From Kelly Dwyer, Yahoo Sports: In the spring of 2012, after a disappointing second round ouster, then-Los Angeles Lakers coach Mike Brown met with Kobe Bryant to discuss initiating a Princeton-styled offense for 2012-13. With capable big men Andrew Bynum and Pau Gasol already on the team, Brown set to hire former Washington Wizards coach Eddie Jordan, a noted Princeton expert and former Laker player, to be his lead assistant, with Bryant’s full blessing. Things kind of fell apart from there. The offense was thrown for a loop when the team acquired Dwight Howard and Steve Nash later in the summer, as the Princeton eschews the sort of ball domination that makes a player like Nash so effective. After a winless preseason and 1-4 start to the regular season, Brown was let go as head man. Former Suns and Knicks coach Mike D’Antoni, owner of offensive sensibilities that fly directly in the face of the notoriously slowed Princeton O, was then hired. Jordan, sent to the end of the bench, ended up taking a gig to help resurrect the flailing and failing Rutgers NCAA men’s basketball team.

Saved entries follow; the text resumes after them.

(* Assume the total harvested energy is finite. The optimal value of problem (P) equals the optimal value of problem (Q): $$\max_{\{\bar p_{k,i}\}}\ \sum_{i=1}^N R(\bar p_{1,i},\bar p_{2,i})$$ subject to $\sum_{n=1}^{i}(E_{k,n}-\bar p_{k,n})\ge 0$ and $\bar p_{k,i}\ge0$ for $k=1,2$, $i=1,\dots,N$. Moreover, suppose $\{\bar p_{k,i}\}$ is optimal for (Q), and for each $i$ the pair $(\delta_{1,i},\delta_{2,i})$ attains the maximum defining $R(\bar p_{1,i},\bar p_{2,i})$. Set $p_{k,i}=\bar p_{k,i}-\delta_{k,i}+\alpha_j\delta_{j,i}$ ($j\ne k$). Then $\{p_{k,i},\delta_{k,i}\}$ is an optimal solution of (P).
   Context: Two-way channel setting. There are two nodes, $N$ unit-length slots, channel gains $h_1,h_2>0$, noise powers $\sigma_1^2,\sigma_2^2>0$, efficiencies $\alpha_1,\alpha_2\in[0,1]$, and harvested energies $E_{k,i}\ge0$. A power policy is $\{p_{k,i},\delta_{k,i}\}$. Here $p_{k,i}$ is the transmit power of $T_k$ in slot $i$, and $\delta_{k,i}$ is the energy $T_k$ sends to $T_j$ ($j\ne k$), of which $\alpha_k\delta_{k,i}$ is received. The battery state is $$S_{k,i}=\sum_{n=1}^{i}(E_{k,n}-p_{k,n}+\alpha_j\delta_{j,n}-\delta_{k,n}).$$ Let $$C(p_1,p_2)=\tfrac12\log(1+h_1p_1/\sigma_2^2)+\tfrac12\log(1+h_2p_2/\sigma_1^2).$$ Problem (P) is to maximize $\sum_i C(p_{1,i},p_{2,i})$ subject to $S_{k,i}\ge0$, $p_{k,i}\ge0$ and $\delta_{k,i}\ge0$ for all $k,i$. For $\pi_1,\pi_2\ge0$, define $$R(\pi_1,\pi_2)=\max\{C(\pi_1-\delta_1+\alpha_2\delta_2,\ \pi_2-\delta_2+\alpha_1\delta_1):\ 0\le\delta_k\le\pi_k,\ k=1,2\}.$$ *)

theory Defs
  imports Complex_Main
begin

text \<open>Channel parameters of the two-way system: gains h1 h2, noise powers
  s1 = sigma_1^2, s2 = sigma_2^2, efficiencies a1 a2, harvested energies E1 E2
  (slot-indexed, slots 1..N).\<close>

record chan =
  h1 :: real
  h2 :: real
  s1 :: real
  s2 :: real
  a1 :: real
  a2 :: real
  E1 :: "nat \<Rightarrow> real"
  E2 :: "nat \<Rightarrow> real"

definition valid_chan :: "chan \<Rightarrow> nat \<Rightarrow> bool" where
  "valid_chan c N \<longleftrightarrow> h1 c > 0 \<and> h2 c > 0 \<and> s1 c > 0 \<and> s2 c > 0 \<and>
     0 \<le> a1 c \<and> a1 c \<le> 1 \<and> 0 \<le> a2 c \<and> a2 c \<le> 1 \<and>
     (\<forall>i\<in>{1..N}. E1 c i \<ge> 0 \<and> E2 c i \<ge> 0)"

definition Crate :: "chan \<Rightarrow> real \<Rightarrow> real \<Rightarrow> real" where
  "Crate c p1 p2 = ln (1 + h1 c * p1 / s2 c) / 2 + ln (1 + h2 c * p2 / s1 c) / 2"

definition Rfun :: "chan \<Rightarrow> real \<Rightarrow> real \<Rightarrow> real" where
  "Rfun c \<pi>1 \<pi>2 = Sup {Crate c (\<pi>1 - d1 + a2 c * d2) (\<pi>2 - d2 + a1 c * d1) | d1 d2.
      0 \<le> d1 \<and> d1 \<le> \<pi>1 \<and> 0 \<le> d2 \<and> d2 \<le> \<pi>2}"

definition S1 :: "chan \<Rightarrow> (nat \<Rightarrow> real) \<Rightarrow> (nat \<Rightarrow> real) \<Rightarrow> (nat \<Rightarrow> real) \<Rightarrow> nat \<Rightarrow> real" where
  "S1 c p1 d1 d2 i = (\<Sum>n=1..i. E1 c n - p1 n + a2 c * d2 n - d1 n)"

definition S2 :: "chan \<Rightarrow> (nat \<Rightarrow> real) \<Rightarrow> (nat \<Rightarrow> real) \<Rightarrow> (nat \<Rightarrow> real) \<Rightarrow> nat \<Rightarrow> real" where
  "S2 c p2 d1 d2 i = (\<Sum>n=1..i. E2 c n - p2 n + a1 c * d1 n - d2 n)"

definition feasP :: "chan \<Rightarrow> nat \<Rightarrow> (nat \<Rightarrow> real) \<Rightarrow> (nat \<Rightarrow> real) \<Rightarrow> (nat \<Rightarrow> real) \<Rightarrow> (nat \<Rightarrow> real) \<Rightarrow> bool" where
  "feasP c N p1 p2 d1 d2 \<longleftrightarrow> (\<forall>i\<in>{1..N}.
      S1 c p1 d1 d2 i \<ge> 0 \<and> S2 c p2 d1 d2 i \<ge> 0 \<and>
      p1 i \<ge> 0 \<and> p2 i \<ge> 0 \<and> d1 i \<ge> 0 \<and> d2 i \<ge> 0)"

definition objP :: "chan \<Rightarrow> nat \<Rightarrow> (nat \<Rightarrow> real) \<Rightarrow> (nat \<Rightarrow> real) \<Rightarrow> real" where
  "objP c N p1 p2 = (\<Sum>i=1..N. Crate c (p1 i) (p2 i))"

definition optP :: "chan \<Rightarrow> nat \<Rightarrow> real" where
  "optP c N = Sup {objP c N p1 p2 | p1 p2 d1 d2. feasP c N p1 p2 d1 d2}"

definition optimalP :: "chan \<Rightarrow> nat \<Rightarrow> (nat \<Rightarrow> real) \<Rightarrow> (nat \<Rightarrow> real) \<Rightarrow> (nat \<Rightarrow> real) \<Rightarrow> (nat \<Rightarrow> real) \<Rightarrow> bool" where
  "optimalP c N p1 p2 d1 d2 \<longleftrightarrow> feasP c N p1 p2 d1 d2 \<and>
     (\<forall>q1 q2 e1 e2. feasP c N q1 q2 e1 e2 \<longrightarrow> objP c N q1 q2 \<le> objP c N p1 p2)"

definition feasQ :: "chan \<Rightarrow> nat \<Rightarrow> (nat \<Rightarrow> real) \<Rightarrow> (nat \<Rightarrow> real) \<Rightarrow> bool" where
  "feasQ c N q1 q2 \<longleftrightarrow> (\<forall>i\<in>{1..N}.
      (\<Sum>n=1..i. E1 c n - q1 n) \<ge> 0 \<and> (\<Sum>n=1..i. E2 c n - q2 n) \<ge> 0 \<and>
      q1 i \<ge> 0 \<and> q2 i \<ge> 0)"

definition objQ :: "chan \<Rightarrow> nat \<Rightarrow> (nat \<Rightarrow> real) \<Rightarrow> (nat \<Rightarrow> real) \<Rightarrow> real" where
  "objQ c N q1 q2 = (\<Sum>i=1..N. Rfun c (q1 i) (q2 i))"

definition optQ :: "chan \<Rightarrow> nat \<Rightarrow> real" where
  "optQ c N = Sup {objQ c N q1 q2 | q1 q2. feasQ c N q1 q2}"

From Gabriel Lee, Lakers Nation: Remember when Harvey Dent said in the Dark Knight “you either die a hero or you live long enough to see yourself become a villain?” Well former Laker Derek Fisher has been dangerously tip-toeing that line since being unceremoniously dumped at the 2012 trade deadline for Jordan Hill and cap relief. Lakers Nation felt empathetic towards Fisher when he signed for Oklahoma City the first time around; he never asked to go from the declining Western Conference powerhouse, the Lakers, to the emerging powerhouse in the West, Oklahoma City. Though he did ask to be released from the Houston Rockets, whom the Lakers dealt him to. Things always tend to work out for Derek Fisher. Since being drafted by the Lakers in 1996 he was never an elite point guard in the NBA, heck he barely cracked the top 20, but with him at the point the Lakers won five championships.
BigCitySid says
The most interesting point here: no comments…hmmm
Kenny T says
Phil Jackson sure knows how to sell books. Kobe was supposedly “uncoachable” when Phil left the Lakers in 2004…but somehow Phil found the effort to coach Kobe a 2nd time. Just possibly, his $12M yearly salary may have strengthened his resolve to re-cultivate a working relationship with the Msmba.
Phil may be the greatest coach of all time, but it’s easy to see why a lot of folks don’t have a high opinion of his character.